Military | Europe
The F-35s Germany Just Ordered Are the Most Consequential Weapons Purchase in Europe in 50 Years
Germany's F-35A fighters are entering final assembly. They will carry nuclear weapons under NATO's sharing agreement. Here is why this is the most significant European defence development in decades.
The image released by Lockheed Martin on March 28, 2026 showed a partially assembled fighter jet in a Fort Worth, Texas factory — visually unremarkable compared to the hundreds of other F-35As that have rolled off the same production line. What makes this specific aircraft historically significant is what it represents: Germany's first nuclear-capable tactical fighter aircraft since the Bundeswehr operated Tornados.

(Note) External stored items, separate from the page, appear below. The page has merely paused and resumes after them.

(* The projection $S_{12}$ consists precisely of the points $(d_1,d_2)\in\mathbb{R}^2$ such that $d_1\ge0$, $d_2\ge0$ and $d_1+d_2\le 3/4$.
   Context: For a finite graph $G$ and a $k$-vertex graph $H$, $d(H,G)$ is the probability that a uniformly random $k$-element subset of $V(G)$ induces a subgraph isomorphic to $H$. For $k\in\{0,1,2,3\}$ let $H_k$ be the 3-vertex graph with exactly $k$ edges. Let $S\subseteq\mathbb{R}^4$ be the set of all $(d_0,d_1,d_2,d_3)$ such that for every $\varepsilon>0$ and every $n\in\mathbb{N}$ there is a graph $G$ with at least $n$ vertices satisfying $|d(H_k,G)-d_k|\le\varepsilon$ for $k=0,1,2,3$. For $i<j$, $S_{ij}=\{(d_i,d_j):(d_0,d_1,d_2,d_3)\in S\}$. *)

theory Defs
  imports Complex_Main
begin

text \<open>A finite simple graph is represented (up to isomorphism) by a vertex set
  {0..<m} together with a symmetric, irreflexive adjacency relation E.\<close>

definition simple_graph :: "(nat \<Rightarrow> nat \<Rightarrow> bool) \<Rightarrow> bool" where
  "simple_graph E \<longleftrightarrow> (\<forall>u v. E u v \<longleftrightarrow> E v u) \<and> (\<forall>v. \<not> E v v)"

definition induces_iso :: "(nat \<Rightarrow> nat \<Rightarrow> bool) \<Rightarrow> nat \<Rightarrow> (nat \<Rightarrow> nat \<Rightarrow> bool) \<Rightarrow> nat set \<Rightarrow> bool" where
  "induces_iso H k E A \<longleftrightarrow>
     (\<exists>f. bij_betw f {0..<k} A \<and> (\<forall>i\<in>{0..<k}. \<forall>j\<in>{0..<k}. H i j \<longleftrightarrow> E (f i) (f j)))"
lemma conv_homeo_unitP:
  fixes c :: "'x set set \<Rightarrow> 'x \<Rightarrow> bool"
  assumes adm: "adm_hom II JJ TYPE('x set) TYPE(unit set)" and c: "conv_space UNIV c"
  shows "conv_homeo UNIV c (pt_pts II JJ (limP c)) (pt_conv II JJ (limP c)) unitP"
proof -
  let ?P = "pt_pts II JJ (limP c)" and ?d = "pt_conv II JJ (limP c)"
  note P = pt_pts_limP[OF adm c] and bullet = bullet_limP[OF adm c]
  have "?d (imfilter UNIV ?P unitP F) (unitP x)" if "c F x" for F x
  proof -
    have "sfilter ?P (imfilter UNIV ?P unitP F)"
      using sfilter_imfilter[OF conv_space_sfilter[OF c that], of unitP ?P] P by simp
    moreover have "{A. unitP ` A \<in> imfilter UNIV ?P unitP F} = F"
      using P by (auto simp: imfilter_def inj_image_mem_iff[OF inj_unitP])
    ultimately show ?thesis
      using that by (simp add: pt_conv_def bullet limP_def)
  qed
  then have "conv_continuous UNIV c ?P ?d unitP"
    using P by (simp add: conv_continuous_def)
  moreover have "c (imfilter ?P UNIV (inv unitP) G) (inv unitP \<psi>)" if "?d G \<psi>" for G \<psi>
  proof -
    have "\<psi> \<in> unitP ` limP c {A. unitP ` A \<in> G}"
      using that by (simp add: pt_conv_def bullet)
    then obtain x where x: "\<psi> = unitP x" "x \<in> limP c {A. unitP ` A \<in> G}"
      by blast
    have "{p \<in> ?P. inv unitP p \<in> A} = unitP ` A" for A
      using P by (auto simp: inv_f_f[OF inj_unitP])
    then have "imfilter ?P UNIV (inv unitP) G = {A. unitP ` A \<in> G}"
      by (simp add: imfilter_def)
    then show ?thesis
      using x by (simp add: limP_def inv_f_f[OF inj_unitP])
  qed
  then have "conv_continuous ?P ?d UNIV c (inv unitP)"
    by (simp add: conv_continuous_def)
  moreover have "bij_betw unitP UNIV ?P"
    using P inj_unitP by (simp add: bij_betw_def)
  ultimately show ?thesis
    by (simp add: conv_homeo_def)
qed

lemma comp_unitP_iff: "(\<forall>x. f x = unitP x \<circ> \<phi>) \<longleftrightarrow> \<phi> = (\<lambda>l. {x. f x l = UNIV})"
proof
  assume "\<forall>x. f x = unitP x \<circ> \<phi>"
  then show "\<phi> = (\<lambda>l. {x. f x l = UNIV})"
    by (auto simp: unitP_eq_UNIV_iff)
next
  assume \<phi>: "\<phi> = (\<lambda>l. {x. f x l = UNIV})"
  have "f x l = unitP x (\<phi> l)" for x l
    using unit_set_cases[of "f x l"] by (auto simp: \<phi> unitP_def)
  then show "\<forall>x. f x = unitP x \<circ> \<phi>"
    by (simp add: fun_eq_iff)
qed

lemma C_mor_transpose:
  fixes II :: "'i set set" and JJ :: "'j set set"
    and f :: "'x \<Rightarrow> 'l::complete_lattice \<Rightarrow> unit set"
  assumes f: "\<And>x. C_mor II JJ (f x)"
  shows "C_mor II JJ (\<lambda>l. {x. f x l = UNIV})"
  unfolding C_mor_def unit_set_eq_UNIV_iff
proof (intro conjI ballI allI)
  show "mono (\<lambda>l. {x. () \<in> f x l})"
  proof (rule monoI)
    fix a b :: 'l
    assume "a \<le> b"
    then have "f x a \<subseteq> f x b" for x
      using f[of x] by (simp add: C_mor_def mono_def)
    then show "{x. () \<in> f x a} \<le> {x. () \<in> f x b}"
      by blast
  qed
  show "{x. () \<in> f x (INF i\<in>I. g i)} = (INF i\<in>I. {x. () \<in> f x (g i)})"
    if "I \<in> II" for I and g :: "'i \<Rightarrow> 'l"
    using f that by (auto simp: C_mor_def)
  show "{x. () \<in> f x (SUP j\<in>J. g j)} = (SUP j\<in>J. {x. () \<in> f x (g j)})"
    if "J \<in> JJ" for J and g :: "'j \<Rightarrow> 'l"
    using f that by (auto simp: C_mor_def)
qed

lemma conv_mor_transpose:
  assumes f: "conv_continuous UNIV c (pt_pts II JJ L) (pt_conv II JJ L) f"
  shows "conv_mor II JJ L (limP c) (\<lambda>l. {x. f x l = UNIV})"
proof -
  let ?\<phi> = "\<lambda>l. {x. f x l = UNIV}"
  have fP: "f x \<in> pt_pts II JJ L" for x
    using f by (auto simp: conv_continuous_def)
  have "x \<in> ?\<phi> (L (?\<phi> -` F))" if "c F x" for F x
  proof -
    have "{l. bullet II JJ L l \<in> imfilter UNIV (pt_pts II JJ L) f F} = ?\<phi> -` F"
      using fP bullet_subset[of II JJ L] by (auto simp: imfilter_def bullet_def)
    moreover have "pt_conv II JJ L (imfilter UNIV (pt_pts II JJ L) f F) (f x)"
      using f that by (simp add: conv_continuous_def)
    ultimately show ?thesis
      by (simp add: pt_conv_def bullet_def)
  qed
  then show ?thesis
    using C_mor_transpose[OF pt_pts_C_mor[OF fP]] by (auto simp: conv_mor_def limP_def)
qed

lemma conv_continuous_ex1_conv_mor:
  assumes "conv_continuous UNIV c (pt_pts II JJ L) (pt_conv II JJ L) f"
  shows "\<exists>!\<phi>. conv_mor II JJ L (limP c) \<phi> \<and> (\<forall>x. f x = unitP x \<circ> \<phi>)"
proof (rule ex1I[where a = "\<lambda>l. {x. f x l = UNIV}"])
  show "conv_mor II JJ L (limP c) (\<lambda>l. {x. f x l = UNIV})
      \<and> (\<forall>x. f x = unitP x \<circ> (\<lambda>l. {x. f x l = UNIV}))"
    using conv_mor_transpose[OF assms] comp_unitP_iff[THEN iffD2, OF refl] by (rule conjI)
  show "\<phi> = (\<lambda>l. {x. f x l = UNIV})"
    if "conv_mor II JJ L (limP c) \<phi> \<and> (\<forall>x. f x = unitP x \<circ> \<phi>)" for \<phi>
    using comp_unitP_iff[THEN iffD1, OF conjunct2[OF that]] .
qed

Germany's order of F-35A Lightning II fighters, which are entering final assembly for delivery beginning later this year, is the culmination of a process that began when Chancellor Scholz announced the 'Zeitenwende' — historical turning point — in the days after Russia's invasion of Ukraine in February 2022. The F-35A is not merely a more capable aircraft than the Tornado it replaces. It is a different order of capability: stealth characteristics that make detection dramatically harder, sensor fusion that gives pilots unprecedented situational awareness, and — most significantly — dual-key nuclear certification under NATO's nuclear sharing arrangements.
Under NATO's nuclear sharing doctrine, the United States maintains a number of B61 nuclear gravity bombs at European bases, including at Büchel Air Base in Germany. These weapons can only be released with US authorization — Germany retains no independent nuclear decision-making authority. But the aircraft that would carry and deliver them in extremis is a German aircraft with German pilots. Germany's continued participation in this arrangement, after years of domestic debate about whether German democracy could sustain the moral weight of nuclear sharing, is itself a statement of strategic commitment.
The broader European significance is considerable. Germany's full rearmament — and the F-35 is its most visible symbol — reshapes the European security architecture in ways that allies and adversaries are still working through. A rearmed, nuclear-sharing Germany with the continent's largest army and a defence budget growing toward 3 percent of GDP is a fundamentally different entity from the strategically ambiguous Germany that Europe grew accustomed to during the post-Cold War decades.